Figure 1.
The expression levels of APP, PS1, BACE1 and Aβ were elevated in N2a/APPswe and N2a/APPwt cells.
(A) The expression of full length APP was increased in N2a/APPswe and N2a/APPwt cells compared to controls (vector-transfected). (B, C) mRNA and protein levels of PS1 and BACE1 were significantly elevated in N2a/APPswe and N2a/APPwt cells compared with control cells; (D) the downstream expression levels of Aβ1-42 and Aβ1-40 were significantly higher in N2a/APPswe and N2a/APPwt cells than control cells. *: P<0.05, as compared with N2a/APPwt cells, #: P<0.05, as compared with control cells (n = 3).
Figure 2.
H3 in PS1 and BACE1 promoters and cellular H3 were hyperacetylated in N2a/APPswe cells.
(A) the binding of acetylation H3 (Ac-H3) to PS1 and BACE1 promoter regions was markedly higher in N2a/APPswe cells than N2a/APPwt and control cells; (B) the cellular Ac-H3 was increased in N2a/APPswe cells compared with N2a/APPwt and control cells. Ip represents amplification of input DNA from cells; Ac-H3 represents DNA bound to Ac-H3 in the sample; N represents DNA precipitated by normal mouse IgG as negative control. *: P<0.05, as compared with N2a/APPwt cells, #: P<0.05, as compared with control cells (n = 3).
Figure 3.
Endogenous p300 was enhanced in N2a/APPswe cells.
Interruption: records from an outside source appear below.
(* Every bridged graph satisfies the triangle diamond condition $(TDC)$; consequently every bridged graph is a diamond-weakly modular graph.
   Context: All graphs are finite, simple and connected; $d$ denotes the shortest-path distance. A graph is bridged if it has no isometric cycle of length greater than $3$. A diamond is $K_4$ minus one edge. Triangle diamond condition $(TDC)$: for any three vertices $u,v,w$ with $1=d(v,w)<d(u,v)=d(u,w)$, there exists a common neighbor $z$ of $v$ and $w$ with $d(u,z)=d(u,v)-1$ such that $z$ is adjacent to every vertex $x$ with $d(x,v)=1$, $d(u,x)=d(u,v)-1$ and to every vertex $y$ with $d(y,w)=1$, $d(u,y)=d(u,w)-1$ (so that $v,w,z$ form diamonds with such $x$ and $y$). Quadrangle condition $(QC)$: for any four vertices $u,v,w,y$ with $d(v,y)=d(w,y)=1$ and $2=d(v,w)\le d(u,v)=d(u,w)=d(u,y)-1$, there exists a common neighbor $z$ of $v$ and $w$ with $d(u,z)=d(u,v)-1$. A graph is diamond-weakly modular if its distance function satisfies $(QC)$ and $(TDC)$. *)

theory Defs
  imports Main
begin

definition simple_graph :: "'a set \<Rightarrow> ('a \<Rightarrow> 'a \<Rightarrow> bool) \<Rightarrow> bool" where
  "simple_graph V E \<longleftrightarrow> finite V \<and> (\<forall>x y. E x y \<longrightarrow> x \<in> V \<and> y \<in> V)
     \<and> (\<forall>x y. E x y \<longrightarrow> E y x) \<and> (\<forall>x. \<not> E x x)"
(* For $\tau$ in the upper half-plane: (a) $x=\mathfrak{b}(\tau)$ and $y=\mathfrak{b}(2\tau)$ satisfy $x^2y^2+4y^2-16x=0$; (b) $(\mathfrak{b}(\tau)+2)^4\,\mathfrak{b}^4(4\tau)=2^8\left(\mathfrak{b}^3(\tau)+4\mathfrak{b}(\tau)\right)$.
   Context: $q=e^{2\pi i\tau}$, $q^r:=e^{2\pi i r\tau}$, and $\mathfrak{b}(\tau)=2\prod_{n\ge1}\left(\frac{1-q^{n/2-1/4}}{1+q^{n/2-1/4}}\right)^2$ (equivalently $2\mathfrak{f}_1(\tau/2)^2/\mathfrak{f}(\tau/2)^2$ with Weber–Schläfli functions $\mathfrak{f},\mathfrak{f}_1$). *)

theory Defs
  imports "HOL-Complex_Analysis.Complex_Analysis"
begin

definition qpow :: "complex \<Rightarrow> real \<Rightarrow> complex" where
  "qpow \<tau> r = exp (2 * of_real pi * \<i> * of_real r * \<tau>)"

text \<open>b(tau) = 2 * prod_{n>=1} ((1 - q^(n/2-1/4)) / (1 + q^(n/2-1/4)))^2.
  The product index n runs over n \<ge> 1; we shift to m = n - 1 \<ge> 0.\<close>
definition bfun :: "complex \<Rightarrow> complex" where
  "bfun \<tau> = 2 * (\<Prod>m. ((1 - qpow \<tau> (real (Suc m) / 2 - 1 / 4)) /
                          (1 + qpow \<tau> (real (Suc m) / 2 - 1 / 4))) ^ 2)"

end

theory Submission
  imports Defs
begin

text \<open>With the nome q = exp (pi i tau / 2) put A = prod (1 - q^(2n+1)), B = prod (1 + q^(2n+1))
  and C = prod (1 + q^(4n+2)). Then b(tau) = 2 A^2 / B^2 and b(2 tau) = 2 A^2 B^2 / C^2, and
  part (a) becomes Jacobi's quartic identity A^2 B^2 (A^4 + B^4) = 2 C^4.

  For the latter let theta(z) = prod (1 + z q^(2n+1)) (1 + q^(2n+1) / z), so that
  q z theta(q^2 z) = theta(z). Both N(z) = theta(z)^2 + theta(-z)^2 and D(z) = theta(i z) theta(-i z)
  (theta_sqsum and theta_iprod below) satisfy q^2 z^2 f(q^2 z) = f(z). On the annulus
  |q|^3 < |z| < 1/|q| the only zeros of D are the simple zeros +-iq, where N vanishes as well;
  hence N/D extends holomorphically to the annulus and is invariant under z \<mapsto> q^2 z. Its
  modulus therefore attains its maximum on the closed fundamental annulus |q|^2 \<le> |z| \<le> 1, so
  N/D is constant by the maximum modulus principle. Comparing z = 1 with z = i gives the quartic
  identity. Part (b) follows by applying (a) at tau and at 2 tau and eliminating b(2 tau).\<close>

lemma convergent_prod_linear:
  fixes a :: "nat \<Rightarrow> complex"
  assumes "summable (\<lambda>n. norm (a n))"
  shows "convergent_prod (\<lambda>n. 1 + w * a n)"
proof -
  have "summable (\<lambda>n. norm w * norm (a n))"
    using assms by (rule summable_mult)
  then show ?thesis
    by (intro abs_convergent_prod_imp_convergent_prod summable_imp_abs_convergent_prod)
       (simp add: norm_mult)
qed
lemma tr_monomial_g12_minus_1:
  assumes s: "s < d" and r: "r < d" and m: "m < d"
  shows "tr (t 1 ^ (m + s) * t 2 ^ (d - s + r) * t 3 ^ (d - r) * (g12 g - 1))
    = z * (x_pair m (int r) + x_pair m (int s) + x_pair m (int s - int r))
      + (u + 1) * z\<^sup>2 * x m + (u - 1) * z * EE d x m"
proof -
  define a b c where "a = m + s" and "b = d - s + r" and "c = d - r"
  define M where "M = t 1 ^ a * t 2 ^ b * t 3 ^ c"
  have Y_M: "M \<in> Y 3"
    unfolding M_def by (auto intro!: Y_intros)
  have "M * (g12 g - 1) = M * g 1 + M * g 2 + M * (g 1 * g 2) + M * (g 2 * g 1) + M * (g 1 * g 2 * g 1)"
    by (simp add: g12_def algebra_simps)
  then have "tr (M * (g12 g - 1))
      = tr (M * g 1) + tr (M * g 2) + tr (M * (g 1 * g 2)) + tr (M * (g 2 * g 1)) + tr (M * (g 1 * g 2 * g 1))"
    using Y_M by (simp add: tr_add[of _ 3] Y_intros)
  moreover have "tr (M * g 1) = z * x_pair m (int r)"
    using xm_eq_xi[of "a + b" "int m + int r" 1] xm_eq_xi[of c "- int r" 1] s r
    by (simp add: M_def tr_monomial_g1 x_pair_def a_def b_def c_def)
  moreover have "tr (M * g 2) = z * x_pair m (int s)"
    using xm_eq_xi[of a "int m + int s" 0] xm_eq_xi[of "b + c" "- int s" 2] s r
    by (simp add: M_def tr_monomial_g2 x_pair_def a_def b_def c_def)
  moreover have abc: "xm d x (a + b + c) = x m"
    using xm_eq_xi[of "a + b + c" "int m" 2] xi_of_nat[OF m] s r
    by (simp add: a_def b_def c_def)
  moreover have "tr (M * (g 1 * g 2 * g 1)) = z * (x_pair m (int s - int r) + (u - 1) * EE d x m + (u - 1) * z * x m)"
  proof -
    have "xm d x (a + c + k) * xm d x (d - k + b) = x_pair m (int s - int r + int k)" if "k < d" for k
      using xm_eq_xi[of "a + c + k" "int m + (int s - int r + int k)" 1]
        xm_eq_xi[of "d - k + b" "- (int s - int r + int k)" 2] s r that
      by (simp add: x_pair_def a_def b_def c_def)
    then have "(\<Sum>k<d. xm d x (a + c + k) * xm d x (d - k + b)) = of_nat d * EE d x m"
      by (simp add: sum_x_pair_shift)
    moreover have "xm d x (a + c) * xm d x b = x_pair m (int s - int r)"
      using xm_eq_xi[of "a + c" "int m + (int s - int r)" 1] xm_eq_xi[of b "- (int s - int r)" 1] s r
      by (simp add: x_pair_def a_def b_def c_def)
    ultimately show ?thesis
      using abc d_pos
      by (simp add: M_def tr_monomial_g1_g2_g1 tr_t1_t2_g1_square add.commute add.left_commute)
  qed
  moreover have "tr (M * (g 1 * g 2)) = z\<^sup>2 * x m" and "tr (M * (g 2 * g 1)) = z\<^sup>2 * x m"
    using abc by (simp_all add: M_def tr_monomial_g1_g2 tr_monomial_g2_g1)
  moreover have "t 1 ^ (m + s) * t 2 ^ (d - s + r) * t 3 ^ (d - r) = M"
    by (simp add: M_def a_def b_def c_def)
  ultimately show ?thesis
    by (simp add: algebra_simps power2_eq_square)
qed

lemma sum_x_pair_summands:
  "(\<Sum>s<d. \<Sum>r<d. z * (x_pair m (int r) + x_pair m (int s) + x_pair m (int s - int r)) + K)
    = of_nat d ^ 2 * (3 * z * EE d x m + K)"
proof -
  have row: "(\<Sum>k<d. x_pair m (int k)) = of_nat d * EE d x m"
    using sum_x_pair_shift[of m 0] by simp
  have diagonal: "(\<Sum>s<d. x_pair m (int s - int r)) = of_nat d * EE d x m" for r
    using sum_x_pair_shift[of m "- int r"] by simp
  have "(\<Sum>s<d. \<Sum>r<d. x_pair m (int s - int r)) = (\<Sum>r<d. \<Sum>s<d. x_pair m (int s - int r))"
    by (rule sum.swap)
  then have "(\<Sum>s<d. \<Sum>r<d. x_pair m (int s - int r)) = of_nat d * (of_nat d * EE d x m)"
    by (simp add: diagonal)
  then show ?thesis
    by (simp add: sum.distrib row algebra_simps power2_eq_square flip: sum_distrib_left)
qed

lemma ee_mult_e0:
  "ee d emb t m 1 * e0 d emb t 2
    = emb (1 / of_nat d ^ 2) * (\<Sum>s<d. \<Sum>r<d. t 1 ^ (m + s) * t 2 ^ (d - s + r) * t 3 ^ (d - r))"
proof -
  define A where "A = (\<Sum>s<d. t 1 ^ (m + s) * t 2 ^ (d - s))"
  define B where "B = (\<Sum>r<d. t 2 ^ r * t 3 ^ (d - r))"
  have "ee d emb t m 1 * e0 d emb t 2 = emb (1 / of_nat d) * (A * (emb (1 / of_nat d) * B))"
    by (simp add: ee_1 ee_2 A_def B_def mult.assoc)
  also have "\<dots> = emb (1 / of_nat d * (1 / of_nat d)) * (A * B)"
    by (simp only: emb_mult_left_commute[of A] emb_mult mult.assoc)
  also have "A * B = (\<Sum>s<d. \<Sum>r<d. t 1 ^ (m + s) * t 2 ^ (d - s + r) * t 3 ^ (d - r))"
    unfolding A_def B_def sum_product by (simp only: monomial_t2_t3_mult)
  finally show ?thesis
    by (simp add: power2_eq_square)
qed
lemma abs_sin_defect_diff_common_Y_le:
  assumes t: "t \<in> {-d..d}" and t0: "t \<noteq> 0"
  shows "\<bar>(sin (u1 t) - sin (u2 t)) / Yof d u1 t - (u1 t - u2 t) / t\<bar> \<le> 2 * K\<^sup>2 * D"
proof -
  let ?a1 = "u1 t" and ?a2 = "u2 t" and ?Y = "Yof d u1 t"
  have eq: "(sin ?a1 - sin ?a2) / ?Y - (?a1 - ?a2) / t
      = (t * ((sin ?a1 - ?a1) - (sin ?a2 - ?a2)) + (?a1 - ?a2) * (t - ?Y)) / (t * ?Y)"
    using A.Yof_nonzero[OF t t0] t0 by (simp add: field_simps)
  have dd: "\<bar>?a1 - ?a2\<bar> \<le> D" by (rule abs_diff_le[OF t])
  have "\<bar>(sin ?a1 - ?a1) - (sin ?a2 - ?a2)\<bar> \<le> (K * \<bar>t\<bar>)\<^sup>2 / 2 * D"
    using abs_sin_minus_id_diff_le[OF A.abs_u_le[OF t] B.abs_u_le[OF t]] dd
    by (meson order_trans mult_left_mono zero_le_divide_iff zero_le_power2 zero_le_numeral)
  hence n1: "\<bar>t * ((sin ?a1 - ?a1) - (sin ?a2 - ?a2))\<bar> \<le> \<bar>t\<bar> * ((K * \<bar>t\<bar>)\<^sup>2 / 2 * D)"
    unfolding abs_mult by (rule mult_left_mono) simp
  have "\<bar>?a1 - ?a2\<bar> * \<bar>t - ?Y\<bar> \<le> D * (K\<^sup>2 / 2 * \<bar>t\<bar> ^ 3)"
    using A.abs_Yof_minus_id_le[OF t] dd D_nonneg by (intro mult_mono) (auto simp: abs_minus_commute)
  hence n2: "\<bar>(?a1 - ?a2) * (t - ?Y)\<bar> \<le> D * (K\<^sup>2 / 2 * \<bar>t\<bar> ^ 3)" by (simp add: abs_mult)
  have "\<bar>t\<bar> * ((K * \<bar>t\<bar>)\<^sup>2 / 2 * D) + D * (K\<^sup>2 / 2 * \<bar>t\<bar> ^ 3) = K\<^sup>2 * D * \<bar>t\<bar> * t\<^sup>2"
    by (simp add: power2_eq_square power3_eq_cube algebra_simps)
  hence num: "\<bar>t * ((sin ?a1 - ?a1) - (sin ?a2 - ?a2)) + (?a1 - ?a2) * (t - ?Y)\<bar> \<le> K\<^sup>2 * D * \<bar>t\<bar> * t\<^sup>2"
    using n1 n2 abs_triangle_ineq[of "t * ((sin ?a1 - ?a1) - (sin ?a2 - ?a2))" "(?a1 - ?a2) * (t - ?Y)"]
    by linarith
  have "\<bar>t\<bar> * (\<bar>t\<bar> / 2) \<le> \<bar>t\<bar> * \<bar>?Y\<bar>" using A.abs_Yof_ge[OF t] by (rule mult_left_mono) auto
  hence den: "\<bar>t * ?Y\<bar> \<ge> t\<^sup>2 / 2" by (simp add: abs_mult power2_eq_square)
  have t2: "t\<^sup>2 > 0" using t0 by simp
  have "\<bar>(sin ?a1 - sin ?a2) / ?Y - (?a1 - ?a2) / t\<bar> \<le> (K\<^sup>2 * D * \<bar>t\<bar> * t\<^sup>2) / (t\<^sup>2 / 2)"
    unfolding eq abs_divide using num den t2 D_nonneg by (intro frac_le) auto
  also have "\<dots> = 2 * K\<^sup>2 * D * \<bar>t\<bar>" using t2 by (simp add: field_simps)
  also have "\<dots> \<le> 2 * K\<^sup>2 * D * 1"
    using t A.admissibleD(2) D_nonneg by (intro mult_left_mono) auto
  finally show ?thesis by simp
qed
fun kind_succ :: "kind \<Rightarrow> kind set" where
  "kind_succ (Main 0) = {Main_inf}"
| "kind_succ (Main (Suc a)) = {Main a, Branch}"
| "kind_succ Main_inf = {Main_inf, Branch}"
| "kind_succ Branch = {Tail}"
| "kind_succ Tail = {Tail}"

fun kind_lab :: "kind \<Rightarrow> unit set" where
  "kind_lab Branch = {()}"
| "kind_lab _ = {}"

abbreviation ksat :: "unit sform \<Rightarrow> kind \<Rightarrow> bool" where
  "ksat \<equiv> ks_ssat kind_succ kind_lab"

abbreviation kpsat :: "unit pform \<Rightarrow> (nat \<Rightarrow> kind) \<Rightarrow> nat \<Rightarrow> bool" where
  "kpsat \<equiv> ks_psat kind_succ kind_lab"

abbreviation kpath :: "kind \<Rightarrow> (nat \<Rightarrow> kind) \<Rightarrow> bool" where
  "kpath \<equiv> ks_path kind_succ"

primrec descent :: "nat \<Rightarrow> nat \<Rightarrow> (nat \<Rightarrow> kind) \<Rightarrow> nat \<Rightarrow> kind" where
  "descent 0 z \<tau> = case_nat (Main z) \<tau>"
| "descent (Suc k) z \<tau> = case_nat (Main (Suc k + z)) (descent k z \<tau>)"

definition branch_path :: "nat \<Rightarrow> kind" where
  "branch_path = case_nat Branch (\<lambda>_. Tail)"

lemma descent_at_0 [simp]: "descent k z \<tau> 0 = Main (k + z)"
  by (cases k) simp_all
lemma foldl_fund_Nil [simp]: "foldl fund [] xs = []"
  by (induction xs) auto

lemma large_list_Nil_cnf [simp]: "large_list [] xs"
  by (simp add: large_list_def)

lemma large_list_Nil [simp]: "large_list a [] \<longleftrightarrow> a = []"
  by (simp add: large_list_def)

lemma large_list_Cons [simp]: "large_list a (x # xs) \<longleftrightarrow> large_list (fund a x) xs"
  by (simp add: large_list_def)

lemma large_list_append: "large_list a xs \<Longrightarrow> large_list a (xs @ ys)"
  by (simp add: large_list_def)

text \<open>The list \<open>b @ c\<close> is the sum \<beta> + \<gamma>: the fundamental sequences act on \<gamma> until
  it is exhausted after some \<open>j\<close> elements, and on \<beta> from then on.\<close>

lemma foldl_fund_sum_cases:
  "foldl fund (b @ c) ys = b @ foldl fund c ys \<or>
   (\<exists>j \<le> length ys. large_list c (take j ys) \<and> foldl fund (b @ c) ys = foldl fund b (drop j ys))"
proof (induction ys arbitrary: c)
  case Nil
  then show ?case by simp
next
  case (Cons y ys)
  show ?case
  proof (cases "c = []")
    case True
    then show ?thesis by (intro disjI2 exI[of _ 0]) auto
  next
    case False
    then have "foldl fund (b @ c) (y # ys) = foldl fund (b @ fund c y) ys"
      by (simp add: fund_append)
    with Cons.IH[of "fund c y"] show ?thesis
      by (auto intro: exI[of _ "Suc _"])
  qed
qed

lemma large_list_sum_splitD:
  assumes "large_list (b @ c) ys"
  obtains j where "large_list c (take j ys)" and "large_list b (drop j ys)"
proof -
  from foldl_fund_sum_cases[of b c ys] show thesis
  proof
    assume "foldl fund (b @ c) ys = b @ foldl fund c ys"
    with assms have "large_list c (take (length ys) ys)" and "large_list b (drop (length ys) ys)"
      by (simp_all add: large_list_def)
    then show thesis by (rule that)
  next
    assume "\<exists>j \<le> length ys. large_list c (take j ys) \<and> foldl fund (b @ c) ys = foldl fund b (drop j ys)"
    then obtain j where "large_list c (take j ys)" and "foldl fund (b @ c) ys = foldl fund b (drop j ys)"
      by blast
    with assms show thesis by (intro that[of j]) (simp_all add: large_list_def)
  qed
qed

lemma large_list_sum_rightD:
  assumes "large_list (b @ c) ys"
  shows "large_list c ys"
proof -
  obtain j where "large_list c (take j ys)"
    using assms by (rule large_list_sum_splitD)
  then have "large_list c (take j ys @ drop j ys)" by (rule large_list_append)
  then show ?thesis by simp
qed

text \<open>That a sorted list stays large when a smaller element is put in front is proved by
  induction on the exponents, which needs the property for all lists of smaller exponents
  at once.\<close>

definition prepend_stable :: "cnf \<Rightarrow> bool" where
  "prepend_stable a \<longleftrightarrow> (\<forall>x ys. sorted (x # ys) \<longrightarrow> large_list a ys \<longrightarrow> large_list a (x # ys))"

lemma large_list_prepend_if_stable:
  "prepend_stable b \<Longrightarrow> sorted (ws @ zs) \<Longrightarrow> large_list b zs \<Longrightarrow> large_list b (ws @ zs)"
proof (induction ws)
  case (Cons w ws)
  then have "large_list b (ws @ zs)" and "sorted (w # ws @ zs)" by simp_all
  with \<open>prepend_stable b\<close> show ?case unfolding prepend_stable_def by simp
qed simp

lemma large_list_sum_joinI_stable:
  assumes stable: "prepend_stable b" and "sorted xs"
    and c_large: "large_list c (take k xs)" and b_large: "large_list b (drop k xs)"
  shows "large_list (b @ c) xs"
proof -
  have xs: "foldl fund (b @ c) xs = foldl fund (foldl fund (b @ c) (take k xs)) (drop k xs)"
    by (metis append_take_drop_id foldl_append)
  from foldl_fund_sum_cases[of b c "take k xs"] show ?thesis
  proof
    assume "foldl fund (b @ c) (take k xs) = b @ foldl fund c (take k xs)"
    with xs c_large b_large show ?thesis by (simp add: large_list_def)
  next
    assume "\<exists>j \<le> length (take k xs). large_list c (take j (take k xs)) \<and>
      foldl fund (b @ c) (take k xs) = foldl fund b (drop j (take k xs))"
    then obtain j where "j \<le> k"
      and j: "foldl fund (b @ c) (take k xs) = foldl fund b (drop j (take k xs))" by auto
    have "drop k xs = drop (k - j) (drop j xs)" using \<open>j \<le> k\<close> by simp
    then have split: "drop j xs = drop j (take k xs) @ drop k xs"
      by (simp only: drop_take append_take_drop_id)
    have "sorted (drop j (take k xs) @ drop k xs)"
      unfolding split[symmetric] using \<open>sorted xs\<close> by (rule sorted_wrt_drop)
    then have "large_list b (drop j (take k xs) @ drop k xs)"
      using large_list_prepend_if_stable[OF stable _ b_large] by blast
    with xs j show ?thesis by (simp add: large_list_def)
  qed
qed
(A) compared to N2a/APPwt and control cells, the p300 expression was dramatically enhanced in N2a/APPswe cells; (B) overexpression of p300 protein in N2a/APPswe cells was further confirmed by immunocytochemistry, Magnification 400-fold, Scale bar: 50 µm. (C) the HATs activity was significantly higher in N2a/APPswe cells compared to N2a/APPwt and control cells; (D) the level of p300 was higher in the promoter regions of PS1 and BACE1 in N2a/APPswe cells but not in N2a/APPwt cells compared with the controls. *: P<0.05, as compared with N2a/APPwt cells, #: P<0.05, as compared with control cells (n = 3).
Figure 4.
Hyperacetylation of PS1 and BACE1 was suppressed by p300 specific inhibitor curcumin in N2a/APPswe cells.
(A) the p300 protein was markedly decreased in N2a/APPswe cells after being treated with curcumin; (B) curcumin dramatically reduced the enhancement effect of p300 in N2a/APPswe cells by immunocytochemistry, Magnification 400-fold, Scale bar: 50 µm; (C) curcumin treatment significantly suppressed the HATs activity in N2a/APPswe cells; (D) the Ac-H3 to PS1 and BACE1 promoter regions was much lower in N2a/APPswe cells after being treated with curcumin compared to DMSO (placebo) group; (E) the cellular Ac-H3 in N2a/APPswe cells was statistically significantly decreased after curcumin treatment; (F) N2a/APPswe cells after being treated with curcumin showed reduced binding of p300 to PS1 and BACE1 in N2a/APPswe cells. (G, H, I) the PS1 and BACE1 expression, followed by their downstream products Aβ1-42 and Aβ1-40, were markedly reduced in N2a/APPswe cells after curcumin treatment. Ip represents amplification of input DNA from cells; Ac-H3 represents DNA bound to Ac-H3 in the sample; N represents DNA precipitated by normal mouse IgG as negative control. #: P<0.05, as compared with DMSO treatment cells (n = 3).
Figure 5.
p300-dependent transcription activation of PS1 and BACE1.
p300 HAT activity facilitates the histone acetylation of the PS1 and BACE1, accompanied by a more open chromatin structure that further facilitates accessibility by transcription factors to DNA-sequence of the genes, which in turn, leads to enhancement of the transcriptional activation. HAT: acetyltransferase activity; TF: transcription factor.